• **Assignment**: Search the data below, and report every line in which "fixes" occurs.

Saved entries

(* Let $N\ge2$, $\tau$ in the upper half plane, $L=2\pi i(\mathbb{Z}\tau+\mathbb{Z})$, $q=e^{2\pi i\tau}$, $\Phi(\tau,x)=(1-e^{-x})\prod_{m\ge1}(1-q^me^{-x})(1-q^me^x)/(1-q^m)^2$ and $f(x)=\Phi(\tau,x)\Phi(\tau,-\tfrac{2\pi i}{N})/\Phi(\tau,x-\tfrac{2\pi i}{N})$. Let $q'\ge1$ with $q'\equiv1\pmod N$, and let $x_1,\dots,x_{q'}\in\mathbb{C}\setminus L$ be pairwise inequivalent modulo $L$. Then $$\sum_{i=1}^{q'}\frac1{f(x_i)}\prod_{j\ne i}\frac1{f(x_j-x_i)}-\prod_{i=1}^{q'}\frac1{f(x_i)}=0.$$
   Context: The function $f$ is the one defining the elliptic genus of level $N$ (lattice $L$, $N$-division point $2\pi i/N$); it satisfies $f(x+2\pi i)=f(x)$, $f(x+2\pi i\tau)=e^{-2\pi i/N}f(x)$, and $1/f$ has simple poles exactly at $L$ with residue $1$ at $0$. *)

theory Defs
  imports "HOL-Analysis.Analysis"
begin

definition qnome :: "complex \<Rightarrow> complex" where
  "qnome tau = exp (2 * pi * \<i> * tau)"

definition lattice :: "complex \<Rightarrow> complex set" where
  "lattice tau = {2 * pi * \<i> * (of_int m * tau + of_int n) | m n :: int. True}"

definition Phi :: "complex \<Rightarrow> complex \<Rightarrow> complex" where
  "Phi tau x = (1 - exp (- x)) *
     (\<Prod>m. (1 - qnome tau ^ Suc m * exp (- x)) * (1 - qnome tau ^ Suc m * exp x)
            / (1 - qnome tau ^ Suc m)^2)"

definition ellf :: "nat \<Rightarrow> complex \<Rightarrow> complex \<Rightarrow> complex" where
  "ellf N tau x = Phi tau x * Phi tau (- 2 * pi * \<i> / of_nat N) / Phi tau (x - 2 * pi * \<i> / of_nat N)"

end

theory Submission
  imports Defs "HOL-Complex_Analysis.Complex_Analysis"
begin

text \<open>
  Write \<open>g = 1 / f\<close> and \<open>\<zeta> = exp (2 pi i / N)\<close>. Then \<open>g\<close> is analytic off the lattice \<open>L\<close>,
  \<open>u g(u) \<rightarrow> 1\<close> at \<open>0\<close>, \<open>g(w + 2 pi i) = g(w)\<close> and \<open>g(w + 2 pi i tau) = \<zeta> g(w)\<close>.
  Let \<open>c\<^sub>i\<close> be the product of the \<open>g(x\<^sub>j - x\<^sub>i)\<close> over \<open>j \<noteq> i\<close> and
  \<open>D(z) = \<Prod>\<^sub>i g(x\<^sub>i - z) - \<Sum>\<^sub>i c\<^sub>i g(x\<^sub>i - z)\<close>.
  Because \<open>q' \<equiv> 1 (mod N)\<close>, \<open>D\<close> is \<open>2 pi i\<close>-periodic and \<open>D(z + 2 pi i tau) = \<zeta>\<^sup>-\<^sup>1 D(z)\<close>.
  At \<open>z = x\<^sub>i\<close> the poles of the two terms cancel, so by quasi-periodicity all singularities
  of \<open>D\<close> are removable. The extension is entire with lattice-invariant modulus, hence bounded
  and constant by Liouville; since \<open>\<zeta> \<noteq> 1\<close> the constant is \<open>0\<close>, and \<open>z = 0\<close> gives the identity.

  The properties of \<open>g\<close> come from the product: \<open>Phi\<close> is entire with zeros exactly at \<open>L\<close>, and
  \<open>Phi(x + 2 pi i tau) = -e\<^sup>-\<^sup>x Phi(x) / q\<close> follows from a telescoping identity for the partial products.
\<close>

lemma quasi_periodic_of_int:
  fixes F :: "'a :: ring_1 \<Rightarrow> 'b :: field"
  assumes shift: "\<And>w. F (w + T) = c * F w" and "c \<noteq> 0"
  shows "F (w + of_int k * T) = c powi k * F w"
proof -
  have nat_shift: "F (w + of_nat j * T) = c ^ j * F w" for j w
  proof (induction j arbitrary: w)
    case (Suc j)
    have "F (w + of_nat (Suc j) * T) = c * F (w + of_nat j * T)"
      using shift[of "w + of_nat j * T"] by (simp add: algebra_simps)
    with Suc show ?case by simp
  qed simp
  show ?thesis
  proof (cases "k \<ge> 0")
    case True
    then show ?thesis
      using nat_shift[of w "nat k"] by (simp add: power_int_def)
  next
    case False
    then have "F w = c ^ nat (- k) * F (w + of_int k * T)"
      using nat_shift[of "w + of_int k * T" "nat (- k)"] by simp
    with \<open>c \<noteq> 0\<close> False show ?thesis
      by (simp add: power_int_def field_simps)
  qed
qed

lemma lattice_quasi_periodic:
  fixes F :: "complex \<Rightarrow> 'b :: field"
  assumes "\<And>w. F (w + 2 * pi * \<i>) = F w" and "\<And>w. F (w + 2 * pi * \<i> * tau) = c * F w" and "c \<noteq> 0"
  shows "F (w + 2 * pi * \<i> * (of_int m * tau + of_int n)) = c powi m * F w"
proof -
  have "F (w + 2 * pi * \<i> * (of_int m * tau + of_int n))
        = F ((w + of_int n * (2 * pi * \<i>)) + of_int m * (2 * pi * \<i> * tau))"
    by (simp add: algebra_simps)
  also have "\<dots> = c powi m * F (w + of_int n * (2 * pi * \<i>))"
    using assms(2,3) by (rule quasi_periodic_of_int)
  also have "F (w + of_int n * (2 * pi * \<i>)) = F w"
    using quasi_periodic_of_int[of F "2 * pi * \<i>" 1] assms(1) by simp
  finally show ?thesis .
qed

lemma power_eq_self_if_mod_eq_1:
  fixes \<zeta> :: "'a :: monoid_mult"
  assumes "\<zeta> ^ N = 1" and "n mod N = 1 mod N"
  shows "\<zeta> ^ n = \<zeta>"
proof -
  have "\<zeta> ^ n = \<zeta> ^ (N * (n div N) + n mod N)"
    by simp
  also have "\<dots> = (\<zeta> ^ N) ^ (n div N) * \<zeta> ^ (1 mod N)"
    unfolding power_add power_mult assms(2) ..
  also have "\<dots> = \<zeta>"
    using assms(1) by (cases "N = 1") auto
  finally show ?thesis .
qed

lemma filterlim_at_reflect: "filterlim (\<lambda>z. a - z) (at (a - p)) (at (p :: 'a :: real_normed_vector))"
  by (rule filterlim_atI) (auto intro!: tendsto_eq_intros simp: eventually_at_filter)

lemma tendsto_simple_pole_times_diff:
  fixes h R :: "complex \<Rightarrow> complex"
  assumes h: "((\<lambda>u. u * h u) \<longlongrightarrow> c) (at 0)"
    and R: "(R has_field_derivative R') (at a)"
  shows "((\<lambda>z. h (a - z) * (R z - R a)) \<longlongrightarrow> - c * R') (at a)"
proof -
  have "((\<lambda>z. (a - z) * h (a - z)) \<longlongrightarrow> c) (at a)"
    using filterlim_compose[OF h] filterlim_at_reflect[of a a] by simp
  moreover have "((\<lambda>z. (R z - R a) / (z - a)) \<longlongrightarrow> R') (at a)"
    using R by (simp add: has_field_derivative_iff)
  ultimately have "((\<lambda>z. (a - z) * h (a - z) * - ((R z - R a) / (z - a))) \<longlongrightarrow> c * - R') (at a)"
    by (intro tendsto_mult tendsto_minus)
  moreover have "\<forall>\<^sub>F z in at a. (a - z) * h (a - z) * - ((R z - R a) / (z - a)) = h (a - z) * (R z - R a)"
    by (auto simp: eventually_at_filter field_simps)
  ultimately show ?thesis
    by (auto elim: Lim_transform_eventually)
qed

lemma remove_sings_cmult:
  assumes "c \<noteq> 0"
  shows "remove_sings (\<lambda>w. c * f w) z = c * remove_sings f z"
proof (cases "\<exists>L. f \<midarrow>z\<rightarrow> L")
  case True
  then obtain L where "f \<midarrow>z\<rightarrow> L" by blast
  then show ?thesis
    by (simp add: remove_sings_eqI tendsto_mult_left)
next
  case False
  have "\<not> (\<lambda>w. c * f w) \<midarrow>z\<rightarrow> L" for L
  proof
    assume "(\<lambda>w. c * f w) \<midarrow>z\<rightarrow> L"
    then have "(\<lambda>w. inverse c * (c * f w)) \<midarrow>z\<rightarrow> inverse c * L"
      by (rule tendsto_mult_left)
    with assms have "f \<midarrow>z\<rightarrow> inverse c * L"
      by (simp add: mult.assoc[symmetric])
    with False show False by blast
  qed
  with False show ?thesis
    by (simp add: remove_sings_def)
qed

lemma remove_sings_quasi_periodic:
  assumes "\<And>w. f (w + l) = c * f w" and "c \<noteq> 0"
  shows "remove_sings f (z + l) = c * remove_sings f z"
proof -
  have "remove_sings f (z + l) = remove_sings (\<lambda>w. f (w + l)) z"
    by (subst (1 2) remove_sings_shift_0) (simp add: add_ac)
  also have "\<dots> = c * remove_sings f z"
    using assms by (simp add: remove_sings_cmult)
  finally show ?thesis .
qed

lemma holomorphic_prodinf_Weierstrass:
  fixes f :: "nat \<Rightarrow> complex \<Rightarrow> complex"
  assumes holo: "\<And>n. f n holomorphic_on UNIV"
    and dominated: "\<And>R. \<exists>M. summable M \<and> (\<forall>n z. norm z \<le> R \<longrightarrow> norm (f n z - 1) \<le> M n)"
  shows "(\<lambda>z. \<Prod>n. f n z) holomorphic_on UNIV"
proof (rule holomorphic_uniform_sequence)
  show "(\<lambda>z. \<Prod>m<n. f m z) holomorphic_on UNIV" for n
    by (intro holomorphic_on_prod holo)
next
  fix z :: complex
  define R where "R = norm z + 1"
  obtain M where "summable M" and M: "\<And>n w. norm w \<le> R \<Longrightarrow> norm (f n w - 1) \<le> M n"
    using dominated[of R] by blast
  have "uniformly_convergent_on (cball 0 R) (\<lambda>n w. \<Prod>m<n. f m w)"
  proof (rule uniformly_convergent_on_prod')
    show "continuous_on (cball 0 R) (f n)" for n
      by (rule holomorphic_on_imp_continuous_on[OF holomorphic_on_subset[OF holo]]) simp
    show "uniformly_convergent_on (cball 0 R) (\<lambda>N w. \<Sum>n<N. norm (f n w - 1))"
      by (rule Weierstrass_m_test'[OF _ \<open>summable M\<close>]) (use M in simp)
  qed simp
  then obtain G where G: "uniform_limit (cball 0 R) (\<lambda>n w. \<Prod>m<n. f m w) G sequentially"
    by (auto simp: uniformly_convergent_on_def)
  also have "?this \<longleftrightarrow> uniform_limit (cball 0 R) (\<lambda>n w. \<Prod>m<n. f m w) (\<lambda>w. \<Prod>n. f n w) sequentially"
  proof (intro uniform_limit_cong')
    fix w :: complex assume w: "w \<in> cball 0 R"
    have "summable (\<lambda>n. norm (f n w - 1))"
      by (rule summable_comparison_test'[OF \<open>summable M\<close>]) (use w M in simp)
    then have "(\<lambda>n. \<Prod>m<n. f m w) \<longlonglongrightarrow> (\<Prod>n. f n w)"
      by (intro has_prod_imp_tendsto' convergent_prod_has_prod abs_convergent_prod_imp_convergent_prod
          summable_imp_abs_convergent_prod)
    moreover have "(\<lambda>n. \<Prod>m<n. f m w) \<longlonglongrightarrow> G w"
      using G w by (rule tendsto_uniform_limitI)
    ultimately show "G w = (\<Prod>n. f n w)"
      using LIMSEQ_unique by blast
  qed auto
  finally have "uniform_limit (cball z 1) (\<lambda>n w. \<Prod>m<n. f m w) (\<lambda>w. \<Prod>n. f n w) sequentially"
    by (rule uniform_limit_on_subset) (simp add: R_def cball_subset_cball_iff)
  then show "\<exists>d>0. cball z d \<subseteq> UNIV \<and> uniform_limit (cball z d) (\<lambda>n w. \<Prod>m<n. f m w) (\<lambda>w. \<Prod>n. f n w) sequentially"
    by (intro exI[of _ 1]) auto
qed simp

lemma ex_int_iff: "(\<exists>k::int. P k) \<longleftrightarrow> P 0 \<or> (\<exists>m::nat. P (of_nat (Suc m)) \<or> P (- of_nat (Suc m)))"
proof
  assume "\<exists>k. P k"
  then obtain k where "P k" ..
  then show "P 0 \<or> (\<exists>m::nat. P (of_nat (Suc m)) \<or> P (- of_nat (Suc m)))"
    by (cases k rule: int_cases3) (auto intro!: exI[of _ "nat \<bar>k\<bar> - 1"])
qed blast

section \<open>The period lattice\<close>

lemma mem_lattice:
  "w \<in> lattice tau \<longleftrightarrow> (\<exists>m n :: int. w = 2 * pi * \<i> * (of_int m * tau + of_int n))"
  unfolding lattice_def by blast

lemma lattice_diff:
  assumes "a \<in> lattice tau" "b \<in> lattice tau"
  shows "a - b \<in> lattice tau"
proof -
  from assms obtain m n m' n' :: int where
    "a = 2 * pi * \<i> * (of_int m * tau + of_int n)" "b = 2 * pi * \<i> * (of_int m' * tau + of_int n')"
    unfolding mem_lattice by blast
  then show ?thesis
    unfolding mem_lattice by (intro exI[of _ "m - m'"] exI[of _ "n - n'"]) (simp add: algebra_simps)
qed

lemma zero_in_lattice: "0 \<in> lattice tau"
  unfolding mem_lattice by (intro exI[of _ 0]) simp

lemma tau_in_lattice: "2 * pi * \<i> * tau \<in> lattice tau"
  unfolding mem_lattice by (intro exI[of _ 1] exI[of _ 0]) simp

lemma exp_eq_1_iff_int: "exp z = 1 \<longleftrightarrow> (\<exists>n::int. z = 2 * pi * \<i> * of_int n)"
proof
  assume "exp z = 1"
  then obtain n :: int where "z = 0 + of_int (2 * n) * pi * \<i>"
    using exp_eq[of z 0] by auto
  then show "\<exists>n::int. z = 2 * pi * \<i> * of_int n"
    by (intro exI[of _ n]) simp
qed (auto simp: exp_eq_1)

lemma lattice_iff_exp:
  "w \<in> lattice tau \<longleftrightarrow> (\<exists>m::int. exp (w - of_int m * (2 * pi * \<i> * tau)) = 1)"
  unfolding mem_lattice exp_eq_1_iff_int by (auto simp: algebra_simps)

• **Solution**:
  fixes F :: "'a :: ring_1 \<Rightarrow> 'b :: field"
  fixes F :: "complex \<Rightarrow> 'b :: field"
  fixes \<zeta> :: "'a :: monoid_mult"
  fixes h R :: "complex \<Rightarrow> complex"
  fixes f :: "nat \<Rightarrow> complex \<Rightarrow> complex"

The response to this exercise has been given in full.